**TASK INPUT:**
###
(* Fix $n\in\{1,\dots,N\}$ and write $U(y,t)=U(v_n,y,t)$. Then for $t\in[0,1)$: $U_t+\beta(U(y+1,t)-2U(y,t)+U(y-1,t))=0$ for $y>\overline m_n$ or $y<\underline m_n$; $U_t+\beta(U(y+1,t)-2U(y,t)+U(y-1,t))=(p(\underline m_n,t)-v_n)\beta$ for $y=\overline m_n$; $U_t+\beta(U(y+1,t)-2U(y,t)+U(y-1,t))=(v_n-p(\overline m_n,t))\beta$ for $y=\underline m_n$; $U(y,t)-U(y+1,t)-(v_n-p(y,t))=0$ for $y\ge\overline m_n$; $U(y,t)-U(y-1,t)+(v_n-p(y,t))=0$ for $y\le\underline m_n$.
   Context: Order size $1$, $N<\infty$, $v_1<\dots<v_N$. $Z$ is the difference of two independent Poisson processes with intensity $\beta>0$; $\mathbb{E}^y$ denotes expectation with $Z_0=y$. Strictly increasing $(a_n)_{n=1}^{N+1}\subset\mathbb{Z}\cup\{\pm\infty\}$, $a_1=-\infty$, $a_{N+1}=\infty$, $\bigcup_n[a_n,a_{n+1})=\mathbb{Z}\cup\{-\infty\}$, $m_n=(a_n+a_{n+1}-1)/2\notin\mathbb{Z}$, $\underline m_n=\lfloor m_n\rfloor$, $\overline m_n=\lceil m_n\rceil$ (with $\underline m_1=\overline m_1=-\infty$, $\underline m_N=\overline m_N=+\infty$). $P(y)=v_n$ for $y\in[a_n,a_{n+1})$; $p(y,t)=\mathbb{E}^y[P(Z_{1-t})]$; $A(y)=P(y+1)$, $B(y)=P(y-1)$. $U(v_n,y,1)=\sum_{j=y}^{a_n-1}(v_n-A(j))\mathbf{1}_{\{y\le\underline m_n\}}+\sum_{j=a_{n+1}}^y(B(j)-v_n)\mathbf{1}_{\{y\ge\overline m_n\}}$ (empty sums $0$); for $t<1$, $U(v_n,y,t)=U(v_n,y,1)+\beta\int_t^1(p(y,r)-p(y-1,r))dr$ if $y\ge\overline m_n$, and $U(v_n,y,t)=U(v_n,y,1)+\beta\int_t^1(p(y+1,r)-p(y,r))dr$ if $y\le\underline m_n$. *)

theory Defs
  imports "HOL-Analysis.Analysis" "HOL-Probability.Probability"
begin

definition aE :: "nat \<Rightarrow> (nat \<Rightarrow> int) \<Rightarrow> nat \<Rightarrow> ereal" where
  "aE N a k = (if k \<le> 1 then -\<infinity> else if k \<ge> N + 1 then \<infinity> else ereal (real_of_int (a k)))"

definition Pf :: "nat \<Rightarrow> (nat \<Rightarrow> real) \<Rightarrow> (nat \<Rightarrow> int) \<Rightarrow> int \<Rightarrow> real" where
  "Pf N v a y = v (THE n. n \<in> {1..N} \<and> aE N a n \<le> ereal (real_of_int y) \<and> ereal (real_of_int y) < aE N a (Suc n))"

text \<open>p(y,t) = E^y[P(Z_(1-t))], Z = N1 - N2 with N1,N2 independent Poisson processes of
  intensity beta, so Z_s - Z_0 = N1_s - N2_s with N1_s, N2_s iid Poisson(beta s); Z_0 = y.\<close>
definition pf :: "real \<Rightarrow> nat \<Rightarrow> (nat \<Rightarrow> real) \<Rightarrow> (nat \<Rightarrow> int) \<Rightarrow> int \<Rightarrow> real \<Rightarrow> real" where
  "pf \<beta> N v a y t = (if 1 - t \<le> 0 then Pf N v a y
     else measure_pmf.expectation
            (pair_pmf (poisson_pmf (\<beta> * (1 - t))) (poisson_pmf (\<beta> * (1 - t))))
            (\<lambda>(j, k). Pf N v a (y + int j - int k)))"

definition mlo :: "nat \<Rightarrow> (nat \<Rightarrow> int) \<Rightarrow> nat \<Rightarrow> ereal" where
  "mlo N a n = (if n = 1 then -\<infinity> else if n = N then \<infinity>
     else ereal (real_of_int \<lfloor>(real_of_int (a n) + real_of_int (a (Suc n)) - 1) / 2\<rfloor>))"

definition mup :: "nat \<Rightarrow> (nat \<Rightarrow> int) \<Rightarrow> nat \<Rightarrow> ereal" where
  "mup N a n = (if n = 1 then -\<infinity> else if n = N then \<infinity>
     else ereal (real_of_int \<lceil>(real_of_int (a n) + real_of_int (a (Suc n)) - 1) / 2\<rceil>))"

definition U1 :: "nat \<Rightarrow> (nat \<Rightarrow> real) \<Rightarrow> (nat \<Rightarrow> int) \<Rightarrow> nat \<Rightarrow> int \<Rightarrow> real" where
  "U1 N v a n y =
     (if ereal (real_of_int y) \<le> mlo N a n then
        (\<Sum>j\<in>{j. y \<le> j \<and> ereal (real_of_int j) < aE N a n}. v n - Pf N v a (j + 1)) else 0)
   + (if ereal (real_of_int y) \<ge> mup N a n then
        (\<Sum>j\<in>{j. aE N a (Suc n) \<le> ereal (real_of_int j) \<and> j \<le> y}. Pf N v a (j - 1) - v n) else 0)"

definition Uf :: "real \<Rightarrow> nat \<Rightarrow> (nat \<Rightarrow> real) \<Rightarrow> (nat \<Rightarrow> int) \<Rightarrow> nat \<Rightarrow> int \<Rightarrow> real \<Rightarrow> real" where
  "Uf \<beta> N v a n y t =
     U1 N v a n y
     + (if ereal (real_of_int y) \<ge> mup N a n then
          \<beta> * integral {t..1} (\<lambda>r. pf \<beta> N v a y r - pf \<beta> N v a (y - 1) r)
        else if ereal (real_of_int y) \<le> mlo N a n then
          \<beta> * integral {t..1} (\<lambda>r. pf \<beta> N v a (y + 1) r - pf \<beta> N v a y r)
        else 0)"

end

theory Submission
  imports Defs
begin

text \<open>
  With \<open>u = \<beta>(1 - t)\<close>, \<open>p(y, t)\<close> is the expectation of \<open>P(y + J - K)\<close> for independent
  \<open>J, K \<sim> Poisson(u)\<close>. Summing the joint law along the antidiagonals \<open>j + k = n\<close> turns it into
  the power series \<open>exp(-2u) \<Sum>\<^sub>n u\<^sup>n/n! \<Sum>\<^sub>j (n choose j) P(y + 2j - n)\<close>, and termwise
  differentiation shows that it solves the discrete heat equation \<open>\<partial>\<^sub>u = \<Delta>\<close>; so \<open>p\<close> satisfies the
  backward Kolmogorov equation \<open>\<partial>\<^sub>t p = -\<beta> \<Delta> p\<close>. Integrating it over \<open>[t, 1]\<close> and adding the
  telescoping first differences of the terminal value \<open>U(\<cdot>, 1)\<close> gives the first-difference
  identities for \<open>U(\<cdot>, t)\<close>. Differentiating the integral in \<open>t\<close> and combining two first
  differences gives the equation for \<open>U\<close>; the source terms at \<open>\<lfloor>m\<^sub>n\<rfloor>\<close> and \<open>\<lceil>m\<^sub>n\<rceil>\<close> come from the
  two halves of \<open>U\<close> meeting there, where \<open>U(\<lfloor>m\<^sub>n\<rfloor>, t) = U(\<lceil>m\<^sub>n\<rceil>, t)\<close>.
\<close>

section \<open>The discrete heat flow on the integers\<close>

definition walk_sum :: "(int \<Rightarrow> real) \<Rightarrow> nat \<Rightarrow> int \<Rightarrow> real" where
  "walk_sum g n y = (\<Sum>j\<le>n. real (n choose j) * g (y + 2 * int j - int n))"

lemma walk_sum_Suc: "walk_sum g (Suc n) y = walk_sum g n (y + 1) + walk_sum g n (y - 1)"
proof -
  define f where "f = (\<lambda>j::nat. g (y + 2 * int j - int (Suc n)))"
  have "walk_sum g (Suc n) y = (\<Sum>j\<le>Suc n. real (Suc n choose j) * f j)"
    by (simp add: walk_sum_def f_def)
  also have "\<dots> = (\<Sum>j\<le>n. real (n choose j) * f (Suc j))
      + (f 0 + (\<Sum>j\<le>n. real (n choose Suc j) * f (Suc j)))"
    by (subst sum.atMost_Suc_shift) (simp add: sum.distrib algebra_simps)
  also have "f 0 + (\<Sum>j\<le>n. real (n choose Suc j) * f (Suc j)) = (\<Sum>j\<le>n. real (n choose j) * f j)"
    using sum.atMost_Suc_shift[of "\<lambda>j. real (n choose j) * f j" n] by (simp add: binomial_eq_0)
  also have "(\<Sum>j\<le>n. real (n choose j) * f j) = walk_sum g n (y - 1)"
    unfolding walk_sum_def f_def by (intro sum.cong refl) (simp add: algebra_simps)
  also have "(\<Sum>j\<le>n. real (n choose j) * f (Suc j)) = walk_sum g n (y + 1)"
    unfolding walk_sum_def f_def by (intro sum.cong refl) (simp add: algebra_simps)
  finally show ?thesis .
qed

lemma abs_walk_sum_le:
  assumes "\<And>x. \<bar>g x\<bar> \<le> M"
  shows "\<bar>walk_sum g n y\<bar> \<le> 2 ^ n * M"
proof -
  have "\<bar>walk_sum g n y\<bar> \<le> (\<Sum>j\<le>n. \<bar>real (n choose j) * g (y + 2 * int j - int n)\<bar>)"
    unfolding walk_sum_def by (rule sum_abs)
  also have "\<dots> \<le> (\<Sum>j\<le>n. real (n choose j) * M)"
    by (intro sum_mono) (simp add: abs_mult assms mult_left_mono)
  also have "\<dots> = 2 ^ n * M"
    by (simp add: sum_distrib_right[symmetric] choose_row_sum flip: of_nat_sum)
  finally show ?thesis .
qed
###
**PROBLEM DETAILS:** Copy verbatim, from the listing above, each line from the one containing "n \<le> ereal" down to the one containing "else ereal (real_of_int \<lfloor>(real_of_int", inclusive.

**FINAL ANSWER:**
  "Pf N v a y = v (THE n. n \<in> {1..N} \<and> aE N a n \<le> ereal (real_of_int y) \<and> ereal (real_of_int y) < aE N a (Suc n))"

text \<open>p(y,t) = E^y[P(Z_(1-t))], Z = N1 - N2 with N1,N2 independent Poisson processes of
  intensity beta, so Z_s - Z_0 = N1_s - N2_s with N1_s, N2_s iid Poisson(beta s); Z_0 = y.\<close>
definition pf :: "real \<Rightarrow> nat \<Rightarrow> (nat \<Rightarrow> real) \<Rightarrow> (nat \<Rightarrow> int) \<Rightarrow> int \<Rightarrow> real \<Rightarrow> real" where
  "pf \<beta> N v a y t = (if 1 - t \<le> 0 then Pf N v a y
     else measure_pmf.expectation
            (pair_pmf (poisson_pmf (\<beta> * (1 - t))) (poisson_pmf (\<beta> * (1 - t))))
            (\<lambda>(j, k). Pf N v a (y + int j - int k)))"

definition mlo :: "nat \<Rightarrow> (nat \<Rightarrow> int) \<Rightarrow> nat \<Rightarrow> ereal" where
  "mlo N a n = (if n = 1 then -\<infinity> else if n = N then \<infinity>
     else ereal (real_of_int \<lfloor>(real_of_int (a n) + real_of_int (a (Suc n)) - 1) / 2\<rfloor>))"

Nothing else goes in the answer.